How doctor works

the mechanics behind doctor's watchdog loop: how it checks each daemon, tells down from wedged, climbs the repair ladder, and escalates when it's stuck.

doctor probes each daemon every 30 seconds, classifies the result as healthy, degraded, refused, or timed out, and if unhealthy climbs a repair ladder: restart, then reinstall, then remove a conflicting package, backing off between tries and stopping the moment health returns.

The short version: doctor checks, doctor decides what kind of broken it found, and doctor tries the smallest fix first. Here's the mechanics underneath that.

#Why the os supervises doctor, not doctor supervising itself

Every self-monitoring scheme hits the same wall: who restarts the restarter? If doctor tried to watch itself, a bug that took down doctor would take down the thing meant to notice. So doctor doesn't. Your operating system's own service manager, launchd on macOS, systemd on Linux, Scheduled Tasks on Windows, restarts doctor on a crash and starts it on boot. doctor has no "restart myself" code path on purpose.

#One supervisor per daemon

doctor reads a list of daemons it's responsible for and builds one fully independent supervisor per entry. Each one has its own probe, its own backoff clock, its own repair ladder, and its own incident log. A crash loop in one daemon can never bleed into another daemon's state, nectar failing repeatedly does not touch honeycomb's record.

#What a check actually finds

Every 30 seconds, doctor sends one bounded request to each daemon and reads back exactly one of four answers:

  • Healthy. The daemon answered cleanly.
  • Degraded. The daemon answered, but something under the hood is off, doctor gets the specific reason (storage, embeddings, schema).
  • Unreachable, refused. The connection was flat-out refused. The daemon is down.
  • Unreachable, timed out. The socket accepted the connection but never answered. The daemon isn't dead, it's wedged, and that's a different problem than dead.

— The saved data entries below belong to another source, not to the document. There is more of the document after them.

lemma homeomorphic_map_base_map:
  assumes "terminals_nonadjacent R vi vt" "graph_iso G1 G2 \<phi>V \<phi>E" "fin_graph G1"
  shows "homeomorphic_map (Xtop G1 R vi vt) (Xtop G2 R vi vt) (base_map G1 G2 R vi vt \<phi>E)"
proof -
  let ?\<psi>E = "inv_into (edges G1) \<phi>E"
  have inv: "graph_iso G2 G1 (inv_into (verts G1) \<phi>V) ?\<psi>E" by (rule graph_iso_inv[OF assms(2,3)])
  have fin2: "fin_graph G2" by (rule fin_graph_iso[OF assms(2,3)])
  have "base_map G1 G2 R vi vt \<phi>E (base_map G2 G1 R vi vt ?\<psi>E y) = y" if "y \<in> Xsp G2 R vi vt" for y
  proof -
    have "inv_into (edges G2) ?\<psi>E e = \<phi>E e" if "e \<in> edges G1" for e
      using assms(2) that by (auto simp: graph_iso_def bij_betw_def inv_into_inv_into_eq)
    then have "base_map G1 G2 R vi vt \<phi>E (base_map G2 G1 R vi vt ?\<psi>E y)
        = base_map G1 G2 R vi vt (inv_into (edges G2) ?\<psi>E) (base_map G2 G1 R vi vt ?\<psi>E y)"
      using base_map_cong[OF base_map_in_Xsp[OF assms(1) inv fin2 that]] by metis
    then show ?thesis using base_map_inv[OF assms(1) inv fin2 that] by simp
  qed
  then have "homeomorphic_maps (Xtop G1 R vi vt) (Xtop G2 R vi vt)
      (base_map G1 G2 R vi vt \<phi>E) (base_map G2 G1 R vi vt ?\<psi>E)"
    unfolding homeomorphic_maps_def topspace_Xtop
    using continuous_map_base_map[OF assms] continuous_map_base_map[OF assms(1) inv fin2]
      base_map_inv[OF assms] by blast
  then show ?thesis by (rule homeomorphic_maps_imp_map)
qed

section \<open>Prefixes and canonical maps between cells\<close>

lemma map_upt_eq_iff: "map f [0..<length P] = P \<longleftrightarrow> (\<forall>i<length P. f i = P ! i)"
proof -
  have "map f [0..<length P] = P \<longleftrightarrow> (length (map f [0..<length P]) = length P \<and>
      (\<forall>i<length (map f [0..<length P]). map f [0..<length P] ! i = P ! i))"
    by (rule list_eq_iff_nth_eq)
  also have "\<dots> \<longleftrightarrow> (\<forall>i<length P. f i = P ! i)"
    by (simp only: length_map length_upt diff_zero) (auto simp del: upt_Suc)
  finally show ?thesis .
qed

lemma has_prefix_iff:
  "has_prefix \<epsilon> \<omega> \<longleftrightarrow> fst \<omega> = fst \<epsilon> \<and> (\<forall>i<length (snd \<epsilon>). snd \<omega> i = snd \<epsilon> ! i)"
  by (cases \<epsilon>) (simp add: has_prefix_def pre_def map_upt_eq_iff)

lemma has_prefix_pre: "has_prefix (pre n \<omega>) \<omega>"
  by (simp add: has_prefix_def)

lemma has_prefix_append_iff:
  "has_prefix (a, P @ Q) \<omega> \<longleftrightarrow> has_prefix (a, P) \<omega> \<and> (\<forall>i<length Q. snd \<omega> (length P + i) = Q ! i)"
proof -
  have "(\<forall>i<length (P @ Q). snd \<omega> i = (P @ Q) ! i) \<longleftrightarrow>
        (\<forall>i<length P. snd \<omega> i = P ! i) \<and> (\<forall>i<length Q. snd \<omega> (length P + i) = Q ! i)"
  proof safe
    fix i assume "\<forall>i<length (P @ Q). snd \<omega> i = (P @ Q) ! i" "i < length P"
    then show "snd \<omega> i = P ! i" by (metis length_append nth_append trans_less_add1)
  next
    fix i assume "\<forall>i<length (P @ Q). snd \<omega> i = (P @ Q) ! i" "i < length Q"
    then show "snd \<omega> (length P + i) = Q ! i"
      by (metis length_append nat_add_left_cancel_less nth_append_length_plus)
  next
    fix i assume a: "\<forall>i<length P. snd \<omega> i = P ! i" "\<forall>i<length Q. snd \<omega> (length P + i) = Q ! i"
      "i < length (P @ Q)"
    show "snd \<omega> i = (P @ Q) ! i"
    proof (cases "i < length P")
      case False
      then obtain j where "i = length P + j" by (metis le_iff_add not_less)
      then show ?thesis using a by (simp add: nth_append)
    qed (use a in \<open>simp add: nth_append\<close>)
  qed
  then show ?thesis by (simp add: has_prefix_iff)
qed

lemma has_prefix_eqI:
  assumes "has_prefix \<epsilon> \<omega>" "has_prefix \<epsilon> \<omega>'"
    and "\<And>k. snd \<omega> (length (snd \<epsilon>) + k) = snd \<omega>' (length (snd \<epsilon>) + k)"
  shows "\<omega> = \<omega>'"
proof -
  have "snd \<omega> i = snd \<omega>' i" for i
  proof (cases "i < length (snd \<epsilon>)")
    case True then show ?thesis using assms(1,2) by (simp add: has_prefix_iff)
  next
    case False
    then obtain k where "i = length (snd \<epsilon>) + k" by (metis le_iff_add not_less)
    then show ?thesis using assms(3) by simp
  qed
  moreover have "fst \<omega> = fst \<omega>'" using assms(1,2) by (simp add: has_prefix_iff)
  ultimately show ?thesis by (simp add: prod_eq_iff fun_eq_iff)
qed

definition pad :: "'e \<times> 'r list \<Rightarrow> 'r \<Rightarrow> 'e \<times> (nat \<Rightarrow> 'r)" where
  "pad \<epsilon> z0 = (fst \<epsilon>, \<lambda>n. if n < length (snd \<epsilon>) then snd \<epsilon> ! n else z0)"

lemma has_prefix_pad: "has_prefix \<epsilon> (pad \<epsilon> z0)"
  by (simp add: has_prefix_iff pad_def)

lemma pad_Omega: "\<epsilon> \<in> words G R \<Longrightarrow> z0 \<in> edges R \<Longrightarrow> pad \<epsilon> z0 \<in> Omega G R"
  by (auto simp: pad_def Omega_iff words_def)

lemma fst_reprefix [simp]: "fst (reprefix \<epsilon> \<epsilon>' \<omega>) = fst \<epsilon>'"
  by (simp add: reprefix_def)

lemma snd_reprefix_shift: "snd (reprefix \<epsilon> \<epsilon>' \<omega>) (length (snd \<epsilon>') + j) = snd \<omega> (length (snd \<epsilon>) + j)"
  by (simp add: reprefix_def add.commute)

lemma has_prefix_reprefix: "has_prefix \<epsilon>' (reprefix \<epsilon> \<epsilon>' \<omega>)"
  by (simp add: has_prefix_iff reprefix_def)

lemma reprefix_Omega: "\<epsilon>' \<in> words G' R \<Longrightarrow> \<omega> \<in> Omega G R \<Longrightarrow> reprefix \<epsilon> \<epsilon>' \<omega> \<in> Omega G' R"
  by (auto simp: Omega_iff words_def reprefix_def)

lemma reprefix_reprefix: "reprefix \<epsilon>' \<epsilon>'' (reprefix \<epsilon> \<epsilon>' \<omega>) = reprefix \<epsilon> \<epsilon>'' \<omega>"
proof -
  have "snd (reprefix \<epsilon>' \<epsilon>'' (reprefix \<epsilon> \<epsilon>' \<omega>)) n = snd (reprefix \<epsilon> \<epsilon>'' \<omega>) n" for n
  proof (cases "n < length (snd \<epsilon>'')")
    case False
    then obtain k where "n = length (snd \<epsilon>'') + k" by (metis le_iff_add not_less)
    then show ?thesis by (simp add: reprefix_def)
  qed (simp add: reprefix_def)
  then show ?thesis by (simp add: prod_eq_iff fun_eq_iff)
qed

lemma reprefix_self: "has_prefix \<epsilon> \<omega> \<Longrightarrow> reprefix \<epsilon> \<epsilon> \<omega> = \<omega>"
  by (rule has_prefix_eqI[OF has_prefix_reprefix]) (simp_all add: snd_reprefix_shift)

lemma reprefix_append:
  assumes "has_prefix (a, P @ u) \<omega>"
  shows "reprefix (a, P @ u) (a', P' @ u) \<omega> = reprefix (a, P) (a', P') \<omega>"
proof -
  have tail: "snd \<omega> (length P + i) = u ! i" if "i < length u" for i
    using assms that by (simp add: has_prefix_append_iff)
  have "snd (reprefix (a, P @ u) (a', P' @ u) \<omega>) n = snd (reprefix (a, P) (a', P') \<omega>) n" for n
  proof (cases "n < length P'")
    case False
    then obtain i where n: "n = length P' + i" by (metis le_iff_add not_less)
    then show ?thesis
      using tail[of i] by (cases "i < length u") (simp_all add: reprefix_def nth_append add.commute)
  qed (simp add: reprefix_def nth_append)
  then show ?thesis by (simp add: prod_eq_iff fun_eq_iff)
qed

lemma relabel_eq_reprefix:
  "has_prefix (e, P) \<omega> \<Longrightarrow> relabel \<phi>E \<omega> = reprefix (e, P) (\<phi>E e, P) \<omega>"
proof (rule has_prefix_eqI[OF _ has_prefix_reprefix])
  assume "has_prefix (e, P) \<omega>"
  then show "has_prefix (\<phi>E e, P) (relabel \<phi>E \<omega>)" by (simp add: has_prefix_iff relabel_def)
  show "snd (relabel \<phi>E \<omega>) (length (snd (\<phi>E e, P)) + k) =
      snd (reprefix (e, P) (\<phi>E e, P) \<omega>) (length (snd (\<phi>E e, P)) + k)" for k
    using snd_reprefix_shift[of "(e, P)" "(\<phi>E e, P)" \<omega> k] by (simp add: relabel_def)
qed

lemma canonical_onD:
  "canonical_on G G' R vi vt \<epsilon> \<epsilon>' f \<Longrightarrow> \<omega> \<in> Omega G R \<Longrightarrow> has_prefix \<epsilon> \<omega> \<Longrightarrow>
     f (cls G R vi vt \<omega>) = cls G' R vi vt (reprefix \<epsilon> \<epsilon>' \<omega>)"
  by (simp add: canonical_on_def)

lemma canonical_on_cong:
  "(\<And>x. x \<in> Xsp G R vi vt \<Longrightarrow> f x = g x) \<Longrightarrow>
     canonical_on G G' R vi vt \<epsilon> \<epsilon>' f = canonical_on G G' R vi vt \<epsilon> \<epsilon>' g"
  unfolding canonical_on_def using cls_in_Xsp by metis

lemma is_loopw_append:
  assumes "terminals_nonadjacent R vi vt" "set u \<subseteq> edges R"
    and "is_loopw G R vi vt (a, P) = is_loopw G' R vi vt (a', P')"
  shows "is_loopw G R vi vt (a, P @ u) = is_loopw G' R vi vt (a', P' @ u)"
proof (cases u rule: rev_cases)
  case (snoc u' z)
  then have "z \<in> edges R" using assms(2) by auto
  then show ?thesis using is_loopw_snoc[OF assms(1)] snoc by (metis append_assoc)
qed (use assms(3) in simp)

lemma canonical_on_append:
  assumes "terminals_nonadjacent R vi vt" "set u \<subseteq> edges R"
    and "canonical_on G G' R vi vt (a, P) (a', P') f"
  shows "canonical_on G G' R vi vt (a, P @ u) (a', P' @ u) f"
  unfolding canonical_on_def
proof (intro conjI ballI impI)
  show "is_loopw G R vi vt (a, P @ u) = is_loopw G' R vi vt (a', P' @ u)"
    using assms(3) by (intro is_loopw_append[OF assms(1,2)]) (simp add: canonical_on_def)
  fix \<omega> assume "\<omega> \<in> Omega G R" "has_prefix (a, P @ u) \<omega>"
  then show "f (cls G R vi vt \<omega>) = cls G' R vi vt (reprefix (a, P @ u) (a', P' @ u) \<omega>)"
    using canonical_onD[OF assms(3)] by (simp add: reprefix_append has_prefix_append_iff)
qed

That refused-versus-timeout split matters. A dead daemon needs a restart. A wedged one might need something else entirely, and doctor's repair ladder treats them differently instead of blindly restarting everything.

A daemon that was just started gets a grace window (60 seconds by default) before doctor judges it unhealthy, so a slow boot doesn't trigger a false alarm.

#The repair ladder

When a daemon is genuinely unhealthy, doctor climbs a ladder, cheapest fix first:

  1. Restart it. This is rung one and it's where almost every problem gets solved. doctor won't restart a daemon it just restarted (a cooldown prevents doctor from fighting the daemon's own restart), and it won't restart a daemon that already looks healthy.
  2. Reinstall it. If restarts keep failing (three in a row, by default), doctor reinstalls the daemon from the approved release.
  3. Remove a conflict. If a conflicting global package is detected, doctor removes it, but only after writing a backup record first, and only the package, never your data directories.
  4. Escalate. If nothing above worked, doctor stops trying blind fixes and writes a plain report instead.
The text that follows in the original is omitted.